SETTLEMENT AGREEMENT No. 2
This SETTLEMENT AGREEMENT NO. 2 ("Settlement Agreement") is made as of the
11th day of December, 2002, between Xxxxxx Healthcare S.A. (as successor to
Immuno International AG), Xxxxxxxxxxxx 0, XX-0000 Xxxxxxxxxxx, Xxxxxxxxxxx, a
Swiss corporation ("Baxter"), and Haemacure Corporation, 0000 Xxxxxxxxxx Xxxxxx,
Xxxxx 000, Xxxxxxxx, Xxxxxx X0X 0X0, a Canadian corporation ("Haemacure").
RECITALS
A. Haemacure has incurred certain revalidation costs and expenses in excess
of U.S. $100,000 as a result of the receipt from Baxter of specifications for
DIN/ISO vials in connection with the technology transfer from Baxter to
BioProducts Laboratory (the "Vial Issue").
B. Haemacure has also incurred certain costs and expenses in excess of U.K.

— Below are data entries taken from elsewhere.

(* On $\mathbb R^8$ with coframe $e^0,\dots,e^7$, let $\Omega=(e^4+ie^0)\wedge(e^1+ie^5)\wedge(e^2+ie^6)\wedge(e^3+ie^7)$, $\omega=e^{15}+e^{26}+e^{37}+e^{40}$, and for $\tau\in\mathbb R$ let $\Phi_\tau=\cosh(2\tau)\mathrm{Re}(\Omega)-\tfrac12\omega\wedge\omega+i\sinh(2\tau)\mathrm{Im}(\Omega)$. For $\tau\neq0$, the stabiliser of $\Phi_\tau$ in $\mathrm{GL}(8,\mathbb R)$ (acting by pullback) is the group $\mathrm{SU}(4)$ of linear maps preserving the Euclidean metric $g=\sum_a(e^a)^2$, $\omega$ and $\Omega$.
   Context: Notation: $e^{ab}=e^a\wedge e^b$. For $\tau=0$, $\Phi_0$ is the (real) Cayley form, whose stabiliser is $\mathrm{Spin}(7)$. *)

theory Defs
  imports "HOL-Analysis.Analysis"
begin

text \<open>Vectors of R^8 are real^8 with components indexed by the numeral type 8 = {0,...,7}.
  Complex-valued k-forms are represented as alternating multilinear functions of k vectors.\<close>

type_synonym form1 = "real^8 \<Rightarrow> complex"
type_synonym form2 = "real^8 \<Rightarrow> real^8 \<Rightarrow> complex"
type_synonym form4 = "real^8 \<Rightarrow> real^8 \<Rightarrow> real^8 \<Rightarrow> real^8 \<Rightarrow> complex"

definition cof :: "8 \<Rightarrow> form1" where
  "cof a = (\<lambda>v. complex_of_real (v $ a))"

110,000 (pound) relating to the initial interpretation and investigation of the
license requirements of the Vapor Heat Treatment Oven (the "VHT Oven Issue").
C. Pursuant to Invoice #11395 dated July 26, 2002 (the "Feiba Invoice"),
Baxter billed Haemacure $426,000 for Feiba product received by Haemacure.

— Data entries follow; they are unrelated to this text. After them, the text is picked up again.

lemma positive_sqrt_unique:
  assumes "positive_op B" and square: "B \<circ> B = (\<lambda>x. x - C x)"
  shows "B = root"
proof -
  have bl: "bounded_linear B" using assms(1) by (simp add: positive_op_def bounded_clinear_op_def)
  have selfadj: "inner (B x) y = inner x (B y)" for x y
    using adj_inner[OF bl, of x y] assms(1) by (simp add: positive_op_def)
  have nonneg: "inner (B x) x \<ge> 0" for x using assms(1) by (simp add: positive_op_def)
  have BB: "B (B x) = x - C x" for x using fun_cong[OF square, of x] by simp
  have "B (C x) = C (B x)" for x
    using BB[of "B x"] arg_cong[OF BB[of x], of B] by (simp add: linear_simps[OF bl])
  then have B_root: "B (root x) = root (B x)" for x
    by (simp add: root_def linear_simps[OF bl] series_commute[OF bl])
  \<comment> \<open>\<open>B\<close> commutes with \<open>root\<close>, so \<open>(B + root) (B - root) = B\<^sup>2 - root\<^sup>2 = 0\<close>\<close>
  define T where "T x = B x - root x" for x
  have sum_0: "B (T x) + root (T x) = 0" for x
    using fun_cong[OF root_square, of x]
    by (simp add: T_def linear_simps[OF bl] linear_simps[OF bounded_linear_root] BB B_root)
  have "T x = 0" for x
  proof -
    have "inner (B (T x)) (T x) + inner (root (T x)) (T x) = 0"
      using sum_0[of x] by (simp flip: inner_add_left)
    then have "inner (B (T x)) (T x) = 0" "inner (root (T x)) (T x) = 0"
      using nonneg[of "T x"] root_nonneg[of "T x"] by linarith+
    then have "B (T x) = 0" "root (T x) = 0"
      by (auto intro: nonneg_selfadjoint_inner_eq_0 bl selfadj nonneg
          bounded_linear_root root_selfadjoint root_nonneg)
    then have "inner (T x) (T x) = 0"
      by (simp add: T_def inner_diff_left selfadj root_selfadjoint)
    then show ?thesis by simp
  qed
  then show ?thesis by (auto simp: T_def)
qed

D. Haemacure has not paid any amounts pursuant to the Feiba Invoice.
E. Certain disputes have arisen between the parties regarding the
foregoing.
X. Xxxxxx and Haemacure desire to settle all disputes between them
regarding these matters, make compromises and release all claims related to the
Vial Issue, the VHT Oven Issue and the Feiba Invoice.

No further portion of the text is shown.